PROBLEM DETAILS: Copy exactly the lines of the records below, and only those lines, beginning with the line that contains "In a regular" and ending with the line that contains "To adjoin one".

-.-.-

(* Let $R$ be a unital regular $K$-algebra, $J$ an ideal of $R$, and $T$ a matricial subalgebra of $R$ such that $R = T \oplus J$ as $K$-vector spaces. Then for every finite subset $Y \subseteq J$ there is an idempotent $e \in J$ such that $Y \subseteq eJe$ and $et = te$ for all $t \in T$.
   Context: $K$ is a field. All algebras are associative $K$-algebras; ideals are two-sided ring ideals that are $K$-subspaces. A ring is regular if for every $x$ there is $y$ with $xyx=x$. A $K$-algebra is matricial if it is isomorphic to $\prod_{i=1}^k M_{n_i}(K)$ for some positive integers $n_1,\dots,n_k$. The subalgebra $T$ need not share the identity of $R$. *)

theory Defs
  imports Main "Jordan_Normal_Form.Matrix"
begin

definition is_algebra :: "('k::field \<Rightarrow> 'r::ring_1 \<Rightarrow> 'r) \<Rightarrow> bool" where
  "is_algebra sm \<longleftrightarrow> vector_space sm \<and>
     (\<forall>a x y. sm a (x * y) = sm a x * y \<and> sm a (x * y) = x * sm a y)"

definition regular_ring :: "'r::ring_1 itself \<Rightarrow> bool" where
  "regular_ring _ \<longleftrightarrow> (\<forall>x::'r. \<exists>y. x * y * x = x)"

definition alg_ideal :: "('k::field \<Rightarrow> 'r::ring_1 \<Rightarrow> 'r) \<Rightarrow> 'r set \<Rightarrow> bool" where
  "alg_ideal sm J \<longleftrightarrow> module.subspace sm J \<and>
     (\<forall>x\<in>J. \<forall>r. r * x \<in> J \<and> x * r \<in> J)"

text \<open>Subalgebra (not required to contain the identity of R).\<close>
definition subalgebra :: "('k::field \<Rightarrow> 'r::ring_1 \<Rightarrow> 'r) \<Rightarrow> 'r set \<Rightarrow> bool" where
  "subalgebra sm T \<longleftrightarrow> module.subspace sm T \<and> (\<forall>x\<in>T. \<forall>y\<in>T. x * y \<in> T)"

text \<open>The K-algebra M_{n_0}(K) x ... x M_{n_{k-1}}(K), represented as lists of
  square matrices of the given sizes, with componentwise operations.\<close>
definition matrix_product_carrier :: "nat list \<Rightarrow> 'k::field mat list set" where
  "matrix_product_carrier ns =
     {As. length As = length ns \<and> (\<forall>i<length ns. As ! i \<in> carrier_mat (ns ! i) (ns ! i))}"

definition matricial :: "('k::field \<Rightarrow> 'r::ring_1 \<Rightarrow> 'r) \<Rightarrow> 'r set \<Rightarrow> bool" where
  "matricial sm T \<longleftrightarrow>
     (\<exists>(ns::nat list) (\<phi>::'r \<Rightarrow> 'k mat list).
        (\<forall>i<length ns. ns ! i > 0) \<and>
        bij_betw \<phi> T (matrix_product_carrier ns) \<and>
        (\<forall>x\<in>T. \<forall>y\<in>T. \<forall>i<length ns.
            \<phi> (x + y) ! i = \<phi> x ! i + \<phi> y ! i \<and>
            \<phi> (x * y) ! i = \<phi> x ! i * \<phi> y ! i) \<and>
        (\<forall>a. \<forall>x\<in>T. \<forall>i<length ns. \<phi> (sm a x) ! i = a \<cdot>\<^sub>m (\<phi> x ! i)))"

end

theory Submission
  imports Defs
begin

text \<open>
  In a regular ring an ideal \<open>J\<close> has local units: for an idempotent \<open>c\<close> and finitely many
  \<open>a \<in> cJ\<close> and \<open>b \<in> Jc\<close> there is an idempotent \<open>e \<in> cJc\<close> with \<open>ea = a\<close> and \<open>be = b\<close>.
  To adjoin one more element \<open>b\<close>, pick \<open>x\<close> with \<open>bxb = b\<close>; then \<open>bxc\<close> is an idempotent fixing
  \<open>b\<close>, and idempotents \<open>p, q\<close> with \<open>pqp = pq\<close> combine to the idempotent \<open>p + q - qp\<close>.

  Let \<open>E k i j\<close> be the matrix units of \<open>T\<close> and \<open>v = 1 - (\<Sum>k i. E k i i)\<close>. An element
  \<open>(\<Sum>k i. E k i 0 * f k * E k 0 i) + f0\<close> with \<open>f k \<in> E k 0 0 R E k 0 0\<close> and \<open>f0 \<in> vRv\<close> commutes
  with all matrix units, hence with \<open>T\<close>, which they span over \<open>K\<close>; it is an idempotent of \<open>J\<close>
  when the \<open>f k\<close> and \<open>f0\<close> are. Choosing \<open>f k\<close> as a local unit in \<open>E k 0 0 J E k 0 0\<close> for the
  elements \<open>E k 0 i y\<close>, \<open>y E k i 0\<close> and \<open>f0\<close> as one in \<open>vJv\<close> for \<open>vy\<close>, \<open>yv\<close> (\<open>y \<in> Y\<close>)
  makes it a two-sided unit for \<open>Y\<close>.
\<close>

lemma idempotent_add_diff_mult:
  fixes p q :: "'r::ring_1"
  assumes "p * p = p" "q * q = q" "p * q * p = p * q"
  shows "(p + q - q * p) * (p + q - q * p) = p + q - q * p"
proof -
  have "q * p * q * p = q * p * q"
    using assms(3) by (metis mult.assoc)
  moreover have "q * p * p = q * p"
    using assms(1) by (simp add: mult.assoc)
  ultimately show ?thesis
    using assms by (simp add: algebra_simps flip: mult.assoc)
qed

locale regular_ring_ideal =
  fixes J :: "'r::ring_1 set"
  assumes regular: "\<exists>y. x * y * x = x"
    and zero_mem: "0 \<in> J"
    and add_mem: "x \<in> J \<Longrightarrow> y \<in> J \<Longrightarrow> x + y \<in> J"
    and mult_left_mem: "x \<in> J \<Longrightarrow> r * x \<in> J"
    and mult_right_mem: "x \<in> J \<Longrightarrow> x * r \<in> J"
begin

lemma diff_mem: "x \<in> J \<Longrightarrow> y \<in> J \<Longrightarrow> x - y \<in> J"
  using add_mem[of x "(-1) * y"] mult_left_mem[of y "-1"] by simp

lemma sum_mem: "(\<And>x. x \<in> A \<Longrightarrow> g x \<in> J) \<Longrightarrow> sum g A \<in> J"
  by (induction A rule: infinite_finite_induct) (auto intro: zero_mem add_mem)

lemma idempotent_add_diff_mult_mem:
  "p \<in> J \<Longrightarrow> q \<in> J \<Longrightarrow> p + q - q * p \<in> J"
  by (intro diff_mem add_mem mult_left_mem)

lemma local_left_unit:
  assumes "c * c = c" "finite A" "\<forall>a\<in>A. a \<in> J \<and> c * a = a"
  shows "\<exists>p\<in>J. p * p = p \<and> c * p = p \<and> p * c = p \<and> (\<forall>a\<in>A. p * a = a)"
  using assms(2,3)
proof (induction A rule: finite_induct)
  case empty
  show ?case using zero_mem by (intro bexI[of _ 0]) auto
next
  case (insert a A)
  then obtain p where pJ: "p \<in> J" and pp: "p * p = p" and cp: "c * p = p" and pc: "p * c = p"
    and pA: "\<forall>a\<in>A. p * a = a" by auto
  have aJ: "a \<in> J" and ca: "c * a = a" using insert.prems by auto
  define b where "b = a - p * a"
  obtain x where bxb: "b * x * b = b" using regular by blast
  define q where "q = b * x * c"
  have cb: "c * b = b" and pb: "p * b = 0"
    unfolding b_def using ca cp pp by (simp_all add: right_diff_distrib flip: mult.assoc)
  have qJ: "q \<in> J" unfolding q_def b_def using aJ pJ by (intro mult_right_mem diff_mem mult_left_mem)
  have qq: "q * q = q" and cq: "c * q = q" and qc: "q * c = q" and qb: "q * b = b" and pq: "p * q = 0"
    unfolding q_def using cb bxb pb assms(1) by (simp_all flip: mult.assoc) (simp_all add: mult.assoc)
  define f where "f = p + q - q * p"
  have ff: "f * f = f"
    unfolding f_def using pp qq pq by (intro idempotent_add_diff_mult) simp_all
  have fp: "f * p = p" and fb: "f * b = b"
    unfolding f_def using pp pq qb pb by (simp_all add: algebra_simps flip: mult.assoc) (simp_all add: mult.assoc)
  have "f * a = f * p * a + f * b"
    unfolding b_def by (simp add: right_diff_distrib mult.assoc)
  then have "f * a = a" using fp fb unfolding b_def by simp
  moreover have "\<forall>a'\<in>A. f * a' = a'" using pA fp by (metis mult.assoc)
  moreover have "c * f = f"
    unfolding f_def using cp cq by (simp add: algebra_simps flip: mult.assoc)
  moreover have "f * c = f"
    unfolding f_def using pc qc by (simp add: algebra_simps mult.assoc)
  ultimately show ?case
    using ff pJ qJ idempotent_add_diff_mult_mem unfolding f_def by auto
qed

lemma local_right_unit:
  assumes "c * c = c" "finite A" "\<forall>a\<in>A. a \<in> J \<and> a * c = a"
  shows "\<exists>p\<in>J. p * p = p \<and> c * p = p \<and> p * c = p \<and> (\<forall>a\<in>A. a * p = a)"
  using assms(2,3)
proof (induction A rule: finite_induct)
  case empty
  show ?case using zero_mem by (intro bexI[of _ 0]) auto
next
  case (insert a A)
  then obtain p where pJ: "p \<in> J" and pp: "p * p = p" and cp: "c * p = p" and pc: "p * c = p"
    and pA: "\<forall>a\<in>A. a * p = a" by auto
  have aJ: "a \<in> J" and ac: "a * c = a" using insert.prems by auto
  define b where "b = a - a * p"
  obtain x where bxb: "b * x * b = b" using regular by blast
  define q where "q = c * x * b"
  have bc: "b * c = b" and bp: "b * p = 0"
    unfolding b_def using ac pc pp by (simp_all add: left_diff_distrib mult.assoc)
  have qJ: "q \<in> J" unfolding q_def b_def using aJ pJ by (intro mult_left_mem diff_mem mult_right_mem)
  have qq: "q * q = q" and cq: "c * q = q" and qc: "q * c = q" and bq: "b * q = b" and qp: "q * p = 0"
    unfolding q_def using bc bxb bp assms(1) by (simp_all flip: mult.assoc) (simp_all add: mult.assoc)
  define f where "f = q + p - p * q"
  have ff: "f * f = f"
    unfolding f_def using pp qq qp by (intro idempotent_add_diff_mult) simp_all
  have pf: "p * f = p" and bf: "b * f = b"
    unfolding f_def using pp qp bq bp by (simp_all add: algebra_simps mult.assoc) (simp_all flip: mult.assoc)
  have "a * f = a * p * f + b * f"
    unfolding b_def by (simp add: left_diff_distrib mult.assoc)
  then have "a * f = a" using pf bf unfolding b_def by (simp add: mult.assoc)
  moreover have "\<forall>a'\<in>A. a' * f = a'" using pA pf by (metis mult.assoc)
  moreover have "c * f = f"
    unfolding f_def using cp cq by (simp add: algebra_simps flip: mult.assoc)
  moreover have "f * c = f"
    unfolding f_def using pc qc by (simp add: algebra_simps mult.assoc)
  ultimately show ?case
    using ff pJ qJ idempotent_add_diff_mult_mem unfolding f_def by auto
qed

lemma local_unit:
  assumes cc: "c * c = c"
    and "finite L" "\<forall>a\<in>L. a \<in> J \<and> c * a = a"
    and "finite R" "\<forall>a\<in>R. a \<in> J \<and> a * c = a"
  shows "\<exists>e\<in>J. e * e = e \<and> c * e = e \<and> e * c = e \<and> (\<forall>a\<in>L. e * a = a) \<and> (\<forall>a\<in>R. a * e = a)"
proof -
  obtain p where pJ: "p \<in> J" and pp: "p * p = p" and cp: "c * p = p" and pc: "p * c = p"
    and pL: "\<forall>a\<in>L. p * a = a"
    using local_left_unit[OF cc] assms(2,3) by blast
  obtain r where rJ: "r \<in> J" and rr: "r * r = r" and cr: "c * r = r" and rc: "r * c = r"
    and rR: "\<forall>a\<in>insert p R. a * r = a"
    using local_right_unit[OF cc, of "insert p R"] assms(4,5) pJ pc by blast
  have pr: "p * r = p" using rR by simp
  define e where "e = p + r - r * p"
  have "e * e = e"
    unfolding e_def using pp rr pr by (intro idempotent_add_diff_mult) simp_all
  moreover have "c * e = e"
    unfolding e_def using cp cr by (simp add: algebra_simps flip: mult.assoc)
  moreover have "e * c = e"
    unfolding e_def using pc rc by (simp add: algebra_simps mult.assoc)
  moreover have "\<forall>a\<in>L. e * a = a"
    unfolding e_def using pL by (simp add: algebra_simps mult.assoc)
  moreover have "\<forall>a\<in>R. a * e = a"
    unfolding e_def using rR by (simp add: algebra_simps flip: mult.assoc)
  ultimately show ?thesis
    using pJ rJ idempotent_add_diff_mult_mem unfolding e_def by auto
qed

end

lemma regular_ring_idealI:
  assumes "is_algebra sm" "regular_ring TYPE('r::ring_1)" "alg_ideal sm (J :: 'r set)"
  shows "regular_ring_ideal J"
proof -
  interpret Modules.module sm
    using assms(1) by (simp add: is_algebra_def module_iff_vector_space)
  show ?thesis
    using assms(2,3) by unfold_locales (auto simp: regular_ring_def alg_ideal_def subspace_def)
qed

locale matrix_units =
  fixes ns :: "nat list" and E :: "nat \<Rightarrow> nat \<Rightarrow> nat \<Rightarrow> 'r::ring_1"
  assumes sizes_pos: "k < length ns \<Longrightarrow> 0 < ns ! k"
    and unit_mult: "\<lbrakk>k < length ns; i < ns ! k; j < ns ! k; k' < length ns; l < ns ! k'; m < ns ! k'\<rbrakk>
      \<Longrightarrow> E k i j * E k' l m = (if k = k' \<and> j = l then E k i m else 0)"
begin

definition diag_index :: "(nat \<times> nat) set" where
  "diag_index = Sigma {..<length ns} (\<lambda>k. {..<ns ! k})"

lemma mem_diag_index [simp]: "(k, i) \<in> diag_index \<longleftrightarrow> k < length ns \<and> i < ns ! k"
  by (simp add: diag_index_def)

lemma finite_diag_index [simp]: "finite diag_index"
  by (simp add: diag_index_def)

definition unit_sum :: 'r where
  "unit_sum = (\<Sum>(k, i)\<in>diag_index. E k i i)"

text \<open>\<open>unit_sum\<close> is the identity of the ring spanned by the matrix units, which need not be \<open>1\<close>.\<close>

definition unit_compl :: 'r where
  "unit_compl = 1 - unit_sum"

lemma unit_sum_mult_unit:
  assumes "k < length ns" "a < ns ! k" "b < ns ! k"
  shows "unit_sum * E k a b = E k a b"
proof -
  have "unit_sum * E k a b = (\<Sum>x\<in>diag_index. if x = (k, a) then E k a b else 0)"
    unfolding unit_sum_def sum_distrib_right
    by (intro sum.cong) (auto simp: assms unit_mult split: if_splits)
  then show ?thesis using assms by (simp add: sum.delta')
qed

lemma unit_mult_unit_sum:
  assumes "k < length ns" "a < ns ! k" "b < ns ! k"
  shows "E k a b * unit_sum = E k a b"
proof -
  have "E k a b * unit_sum = (\<Sum>x\<in>diag_index. if x = (k, b) then E k a b else 0)"
    unfolding unit_sum_def sum_distrib_left
    by (intro sum.cong) (auto simp: assms unit_mult split: if_splits)
  then show ?thesis using assms by (simp add: sum.delta')
qed

lemma unit_compl_mult_unit: "\<lbrakk>k < length ns; a < ns ! k; b < ns ! k\<rbrakk> \<Longrightarrow> unit_compl * E k a b = 0"
  and unit_mult_unit_compl: "\<lbrakk>k < length ns; a < ns ! k; b < ns ! k\<rbrakk> \<Longrightarrow> E k a b * unit_compl = 0"
  by (simp_all add: unit_compl_def algebra_simps unit_sum_mult_unit unit_mult_unit_sum)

-.-.-

EXERCISE SOLUTION:
  In a regular ring an ideal \<open>J\<close> has local units: for an idempotent \<open>c\<close> and finitely many
  \<open>a \<in> cJ\<close> and \<open>b \<in> Jc\<close> there is an idempotent \<open>e \<in> cJc\<close> with \<open>ea = a\<close> and \<open>be = b\<close>.
  To adjoin one more element \<open>b\<close>, pick \<open>x\<close> with \<open>bxb = b\<close>; then \<open>bxc\<close> is an idempotent fixing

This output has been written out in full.